(* In the standing setting, there exists $c=c(n,p,M_0)$ such that for all $t\in[0,T^* )$ and all $x\in\mathbb S^n$, $$0<c^{-1}\le\sinh(u(t,x))\,e^{-\frac{t}{n^p}}\le c\qquad\text{and}\qquad \coth u(t,x)-1\le c\,e^{-\frac{2}{n^p}t}.$$
   Context: Standing setting: $n\ge2$; $\mathbb H^{n+1}$ in geodesic polar coordinates around a fixed point, metric $dr^2+\sinh^2r\,\sigma_{ij}dx^idx^j$ ($\sigma$ round metric on $\mathbb S^n$). $\Gamma\subset\mathbb R^n$ is an open convex symmetric cone containing $\Gamma_+=\{\kappa_i>0\ \forall i\}$; $F\in C^\infty(\Gamma)\cap C^0(\bar\Gamma)$ is symmetric, monotone ($\partial F/\partial\kappa_i>0$), concave, $1$-homogeneous, with $F>0$ on $\Gamma$, $F=0$ on $\partial\Gamma$, $F(1,\dots,1)=n$. $p>0$, and $\Gamma=\Gamma_+$ if $p>1$. $M_0$ is a smooth closed embedded hypersurface whose principal curvatures lie in $\Gamma$ everywhere ($F$-admissible) and which is a graph $M_0=\operatorname{graph}u(0,\cdot)$ over $\mathbb S^n$. The flow is $\dot x=F^{-p}\nu$, $x(0)=M_0$ ($\nu$ outward normal, $F$ evaluated at the principal curvatures of $M_t$), on its maximal smooth existence interval $[0,T^* )$, where the leaves $M_t$ are $F$-admissible graphs $\operatorname{graph}u(t,\cdot)$ over $\mathbb S^n$. *)

theory Defs
  imports "HOL-Analysis.Analysis"
begin

definition dd :: "('a::real_normed_vector \<Rightarrow> 'b::real_normed_vector) \<Rightarrow> 'a \<Rightarrow> 'a \<Rightarrow> 'b" where
  "dd f x v = vector_derivative (\<lambda>s. f (x + s *\<^sub>R v)) (at 0)"

fun ddn :: "'a::real_normed_vector list \<Rightarrow> ('a \<Rightarrow> 'b::real_normed_vector) \<Rightarrow> 'a \<Rightarrow> 'b" where
  "ddn [] f = f"
| "ddn (v # vs) f = (\<lambda>x. dd (ddn vs f) x v)"

definition smooth_on :: "'a::euclidean_space set \<Rightarrow> ('a \<Rightarrow> 'b::real_normed_vector) \<Rightarrow> bool" where
  "smooth_on S f \<longleftrightarrow> open S \<and>
     (\<forall>vs. continuous_on S (ddn vs f) \<and>
       (\<forall>x\<in>S. \<forall>v. (\<lambda>s. ddn vs f (x + s *\<^sub>R v)) differentiable (at 0)))"

definition smooth_on_set :: "'a::euclidean_space set \<Rightarrow> ('a \<Rightarrow> 'b::real_normed_vector) \<Rightarrow> bool" where
  "smooth_on_set A f \<longleftrightarrow> (\<exists>S g. A \<subseteq> S \<and> smooth_on S g \<and> (\<forall>x\<in>A. g x = f x))"

text \<open>Minkowski product on R x R^(n+1); H^(n+1) = {X. mink X X = -1, first coord > 0}.
  The point at geodesic polar coordinates (r, x), x in S^n, is (cosh r, sinh r x),
  which realises the metric dr^2 + sinh^2 r sigma.\<close>
definition mink :: "real \<times> (real^'m) \<Rightarrow> real \<times> (real^'m) \<Rightarrow> real" where
  "mink X Y = - fst X * fst Y + snd X \<bullet> snd Y"

definition sphere_n :: "(real^'m) set" where
  "sphere_n = {x. norm x = 1}"

text \<open>Position map of the radial graph of w, w : S^n -> R, extended 0-homogeneously to R^(n+1) - {0}.\<close>
definition gpos :: "(real^'m \<Rightarrow> real) \<Rightarrow> real^'m \<Rightarrow> real \<times> (real^'m)" where
  "gpos w y = (cosh (w (y /\<^sub>R norm y)), sinh (w (y /\<^sub>R norm y)) *\<^sub>R (y /\<^sub>R norm y))"

text \<open>Radial unit vector field d/dr at the point of the graph over x.\<close>
definition radial :: "(real^'m \<Rightarrow> real) \<Rightarrow> real^'m \<Rightarrow> real \<times> (real^'m)" where
  "radial w x = (sinh (w x), cosh (w x) *\<^sub>R x)"

definition tang :: "real^'m \<Rightarrow> (real^'m) set" where
  "tang x = {v. v \<bullet> x = 0}"

definition gmet :: "(real^'m \<Rightarrow> real) \<Rightarrow> real^'m \<Rightarrow> real^'m \<Rightarrow> real^'m \<Rightarrow> real" where
  "gmet w x v v' = mink (dd (gpos w) x v) (dd (gpos w) x v')"

definition sff :: "(real^'m \<Rightarrow> real) \<Rightarrow> real^'m \<Rightarrow> real \<times> (real^'m) \<Rightarrow> real^'m \<Rightarrow> real^'m \<Rightarrow> real" where
  "sff w x N v v' = - mink (dd (\<lambda>y. dd (gpos w) y v') x v) N"

definition outer_normal :: "(real^'m \<Rightarrow> real) \<Rightarrow> real^'m \<Rightarrow> real \<times> (real^'m) \<Rightarrow> bool" where
  "outer_normal w x N \<longleftrightarrow> mink N N = 1 \<and> mink N (gpos w x) = 0 \<and>
     (\<forall>v\<in>tang x. mink N (dd (gpos w) x v) = 0) \<and> mink N (radial w x) > 0"

definition principal_curvatures ::
  "(real^'m \<Rightarrow> real) \<Rightarrow> real^'m \<Rightarrow> real \<times> (real^'m) \<Rightarrow> real^'n \<Rightarrow> bool" where
  "principal_curvatures w x N \<kappa> \<longleftrightarrow>
     (\<exists>e :: 'n \<Rightarrow> real^'m. (\<forall>i. e i \<in> tang x) \<and>
        (\<forall>i j. gmet w x (e i) (e j) = (if i = j then 1 else 0)) \<and>
        (\<forall>i j. sff w x N (e i) (e j) = (if i = j then \<kappa> $ i else 0)))"

definition pos_cone :: "(real^'n) set" where
  "pos_cone = {\<kappa>. \<forall>i. \<kappa> $ i > 0}"

definition admissible_cone :: "(real^'n) set \<Rightarrow> bool" where
  "admissible_cone \<Gamma> \<longleftrightarrow> open \<Gamma> \<and> convex \<Gamma> \<and>
     (\<forall>\<kappa>\<in>\<Gamma>. \<forall>a>0. a *\<^sub>R \<kappa> \<in> \<Gamma>) \<and>
     (\<forall>\<kappa>\<in>\<Gamma>. \<forall>\<pi>. \<pi> permutes (UNIV :: 'n set) \<longrightarrow> (\<chi> i. \<kappa> $ \<pi> i) \<in> \<Gamma>) \<and>
     pos_cone \<subseteq> \<Gamma>"

definition admissible_F :: "(real^'n) set \<Rightarrow> (real^'n \<Rightarrow> real) \<Rightarrow> bool" where
  "admissible_F \<Gamma> F \<longleftrightarrow> admissible_cone \<Gamma> \<and>
     smooth_on \<Gamma> F \<and> continuous_on (closure \<Gamma>) F \<and>
     (\<forall>\<kappa>\<in>\<Gamma>. \<forall>\<pi>. \<pi> permutes (UNIV :: 'n set) \<longrightarrow> F (\<chi> i. \<kappa> $ \<pi> i) = F \<kappa>) \<and>
     (\<forall>\<kappa>\<in>\<Gamma>. \<forall>i. dd F \<kappa> (axis i 1) > 0) \<and>
     concave_on \<Gamma> F \<and>
     (\<forall>\<kappa>\<in>\<Gamma>. \<forall>a>0. F (a *\<^sub>R \<kappa>) = a * F \<kappa>) \<and>
     (\<forall>\<kappa>\<in>\<Gamma>. F \<kappa> > 0) \<and> (\<forall>\<kappa>\<in>frontier \<Gamma>. F \<kappa> = 0) \<and>
     F (\<chi> i. 1) = real CARD('n)"

definition time_int :: "ereal \<Rightarrow> real set" where
  "time_int T = {t. 0 \<le> t \<and> ereal t < T}"

text \<open>u t x (x in S^n) is the radial function of M_t; the leaves are smooth in (t,x), F-admissible,
  and move with normal velocity F^(-p) in the outward normal direction.\<close>
definition flow_solution ::
  "(real^'n) set \<Rightarrow> (real^'n \<Rightarrow> real) \<Rightarrow> real \<Rightarrow> (real \<Rightarrow> real^'m \<Rightarrow> real) \<Rightarrow> ereal \<Rightarrow> bool" where
  "flow_solution \<Gamma> F p u T \<longleftrightarrow>
     smooth_on_set (time_int T \<times> (UNIV - {0})) (\<lambda>(t, y). u t (y /\<^sub>R norm y)) \<and>
     (\<forall>t\<in>time_int T. \<forall>x\<in>sphere_n.
        u t x > 0 \<and>
        (\<exists>N. outer_normal (u t) x N) \<and>
        (\<forall>N. outer_normal (u t) x N \<longrightarrow>
           (\<exists>\<kappa>::real^'n. principal_curvatures (u t) x N \<kappa>) \<and>
           (\<forall>\<kappa>. principal_curvatures (u t) x N \<kappa> \<longrightarrow>
              \<kappa> \<in> \<Gamma> \<and>
              mink (vector_derivative (\<lambda>s. gpos (u s) x) (at t within time_int T)) N
                = F \<kappa> powr (- p))))"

_How to complete this task_
Could you reproduce exactly the lines of the entries above, from the one with "open S \<and>" through the one with "A f \<longleftrightarrow>", and nothing else?

_Output for this exercise_
  "smooth_on S f \<longleftrightarrow> open S \<and>
     (\<forall>vs. continuous_on S (ddn vs f) \<and>
       (\<forall>x\<in>S. \<forall>v. (\<lambda>s. ddn vs f (x + s *\<^sub>R v)) differentiable (at 0)))"

definition smooth_on_set :: "'a::euclidean_space set \<Rightarrow> ('a \<Rightarrow> 'b::real_normed_vector) \<Rightarrow> bool" where
  "smooth_on_set A f \<longleftrightarrow> (\<exists>S g. A \<subseteq> S \<and> smooth_on S g \<and> (\<forall>x\<in>A. g x = f x))"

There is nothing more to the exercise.